4. Create machines file in machine1 to contain machine1 and machine2 as entries.
5. Copy processor1 and processor2 directory from machine1 to machine2. (Directory: OpenFOAM/OpenFOAM-1.6/tutorials/multiphase/interFoam/laminar/damBreak)
6. Launch "foamjob -p -s parallelTest" on machine1


After following these steps, the output stucks at create time as follows:
Quote:

Parallel processing using OPENMPI with 2 processors
Executing: mpirun -np 2 -hostfile machines /home/rphull/OpenFOAM/OpenFOAM-1.6.x/bin/foamExec parallelTest -parallel | tee log
/*---------------------------------------------------------------------------*\
| ========= | |
| \\ / F ield | OpenFOAM: The Open Source CFD Toolbox |
| \\ / O peration | Version: 1.6.x |
| \\ / A nd | Web: www.OpenFOAM.org |
| \\/ M anipulation | |
\*---------------------------------------------------------------------------*/
Build : 1.6.x-5e99c7bac54c
Exec : parallelTest -parallel
Date : Jan 25 2011
Time : 01:25:31
Host : fire2
PID : 30454
Case : /home/rphull/OpenFOAM/OpenFOAM-1.6.x/tutorials/multiphase/interFoam/laminar/damBreak
nProcs : 2
Slaves :
1
(
fire3.18782
)

Pstream initialized with:
floatTransfer : 0
nProcsSimpleSum : 0
commsType : nonBlocking
SigFpe : Enabling floating point exception trapping (FOAM_SIGFPE).

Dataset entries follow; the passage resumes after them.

lemma additive_energy_le_of_coincidences:
  fixes X Y E :: "'a::ab_group_add set"
  assumes fin: "finite X" "finite Y" "finite E"
    and coincide: "\<And>x y x' y'. x \<in> X \<Longrightarrow> y \<in> Y \<Longrightarrow> x' \<in> X \<Longrightarrow> y' \<in> Y \<Longrightarrow> x + y = x' + y' \<Longrightarrow>
      (x, y) \<noteq> (x', y') \<Longrightarrow> x - y' \<in> E \<and> y \<noteq> y'"
  shows "additive_energy X Y \<le> card X * card Y + card E * (card Y * card Y - card Y)"
proof -
  define Off where "Off = Y \<times> Y - (\<lambda>y. (y, y)) ` Y"
  define g :: "'a \<times> 'a \<times> 'a \<Rightarrow> ('a \<times> 'a) \<times> 'a \<times> 'a"
    where "g = (\<lambda>(e, y, y'). ((y' + e, y), (y + e, y')))"
  have fin_Off: "finite Off" unfolding Off_def using fin by simp
  have card_Off: "card Off = card Y * card Y - card Y"
    unfolding Off_def using fin
    by (subst card_Diff_subset) (auto simp: card_cartesian_product card_image inj_on_def)
  have "{((x, y), (x', y')). x \<in> X \<and> y \<in> Y \<and> x' \<in> X \<and> y' \<in> Y \<and> x + y = x' + y'}
      \<subseteq> (\<lambda>p. (p, p)) ` (X \<times> Y) \<union> g ` (E \<times> Off)"
  proof clarify
    fix x y x' y' assume q: "x \<in> X" "y \<in> Y" "x' \<in> X" "y' \<in> Y" "x + y = x' + y'"
      and "((x, y), (x', y')) \<notin> g ` (E \<times> Off)"
    show "((x, y), (x', y')) \<in> (\<lambda>p. (p, p)) ` (X \<times> Y)"
    proof (cases "(x, y) = (x', y')")
      case False
      then have "x - y' \<in> E" "y \<noteq> y'" using coincide q by blast+
      moreover have "g (x - y', y, y') = ((x, y), (x', y'))"
        unfolding g_def using q(5) by (simp add: algebra_simps)
      ultimately have "((x, y), (x', y')) \<in> g ` (E \<times> Off)"
        using q(2,4) unfolding Off_def by (metis (no_types, lifting) DiffI SigmaI imageE image_eqI prod.inject)
      with \<open>((x, y), (x', y')) \<notin> g ` (E \<times> Off)\<close> show ?thesis by contradiction
    qed (use q in auto)
  qed
  then have "additive_energy X Y \<le> card ((\<lambda>p. (p, p)) ` (X \<times> Y) \<union> g ` (E \<times> Off))"
    unfolding additive_energy_def using fin fin_Off by (intro card_mono) auto
  also have "\<dots> \<le> card (X \<times> Y) + card (E \<times> Off)"
    by (intro order.trans[OF card_Un_le] add_mono card_image_le) (use fin fin_Off in auto)
  finally show ?thesis by (simp add: card_cartesian_product card_Off)
qed

text \<open>Since \<open>(n + k - 1)(n - k + 1) = n\<^sup>2 - (k - 1)\<^sup>2\<close>.\<close>
lemma energy_bound_lt_square:
  fixes n k e :: int
  assumes "2 \<le> k" "0 \<le> e" "e + k \<le> n"
  shows "(n + k - 1) * (n * k + e * (k * k - k)) < (n * k)\<^sup>2"
proof -
  have "0 \<le> k * k - k" using assms(1) by (simp add: mult_le_cancel_right1)
  then have "(n + k - 1) * (n * k + e * (k * k - k)) \<le> (n + k - 1) * (n * k + (n - k) * (k * k - k))"
    using assms by (intro mult_left_mono add_left_mono mult_right_mono) auto
  also have "\<dots> = (n * k)\<^sup>2 - (k * (k - 1))\<^sup>2"
    by (simp add: power2_eq_square algebra_simps)
  also have "\<dots> < (n * k)\<^sup>2"
    using assms(1) by simp
  finally show ?thesis .
qed

lemma two_le_card_if_distinct:
  assumes "finite S" "a \<in> S" "b \<in> S" "a \<noteq> b"
  shows "2 \<le> card S"
proof -
  have "card {a, b} \<le> card S" using assms by (intro card_mono) auto
  with assms(4) show ?thesis by simp
qed

definition shifts_into :: "'a::ab_group_add set \<Rightarrow> 'a set \<Rightarrow> 'a set" where
  "shifts_into Y X = {e. \<forall>y\<in>Y. y + e \<in> X}"

lemma finite_shifts_into:
  fixes X Y :: "'a::ab_group_add set"
  assumes "finite X" "y \<in> Y"
  shows "finite (shifts_into Y X)" and "card (shifts_into Y X) \<le> card X"
proof -
  have "shifts_into Y X \<subseteq> (\<lambda>x. x - y) ` X"
  proof
    fix e assume "e \<in> shifts_into Y X"
    then have "y + e \<in> X" using \<open>y \<in> Y\<close> unfolding shifts_into_def by blast
    then show "e \<in> (\<lambda>x. x - y) ` X" by (rule image_eqI[rotated]) simp
  qed
  then show "finite (shifts_into Y X)" "card (shifts_into Y X) \<le> card X"
    using finite_subset card_mono card_image_le assms(1) by (blast, meson finite_imageI order_trans)
qed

// * * * * * * * * * * * * * * * * * * * * * * * * * * * * * * * * * * * * * //
Create time

Please comment if I am following the right process for executing parallelTest application across the machines.

pkr January 25, 2011 15:10

Hi Bruno,

Yet another query:
It seems that the problem might be due to setting of some environment variables at the slave. Please suggest?

The OpenFoam project directory is visible on the slave side:
rphull@fire3:~$ echo $WM_PROJECT_DIR
/home/rphull/OpenFOAM/OpenFOAM-1.6

1. When complete path of executable is not specified:
Quote:

rphull@fire2:~/OpenFOAM/OpenFOAM-1.6/tutorials/multiphase/interFoam/laminar/damBreak$ mpirun --hostfile machines -np 2 interFoam -parallel
--------------------------------------------------------------------------
mpirun was unable to launch the specified application as it could not find an executable:

Executable: interFoam
Node: fire3

while attempting to start process rank 1.
--------------------------------------------------------------------------


2. The case when the complete executable path is specified:
Quote:

rphull@fire2:~/OpenFOAM/OpenFOAM-1.6/tutorials/multiphase/interFoam/laminar/damBreak$ mpirun --hostfile machines -np 2 /home/rphull/OpenFOAM/OpenFOAM-1.6/applications/bin/linux64GccDPOpt/interFoam -parallel
/home/rphull/OpenFOAM/OpenFOAM-1.6/applications/bin/linux64GccDPOpt/interFoam: error while loading shared libraries: libinterfaceProperties.so: cannot open shared object file: No such file or directory

From the second case, it looks like the machine tried to launch the application but failed as it was not able to figure out the path for the shared object (libinterfaceProperties.so in this case). Any suggestions to fix this?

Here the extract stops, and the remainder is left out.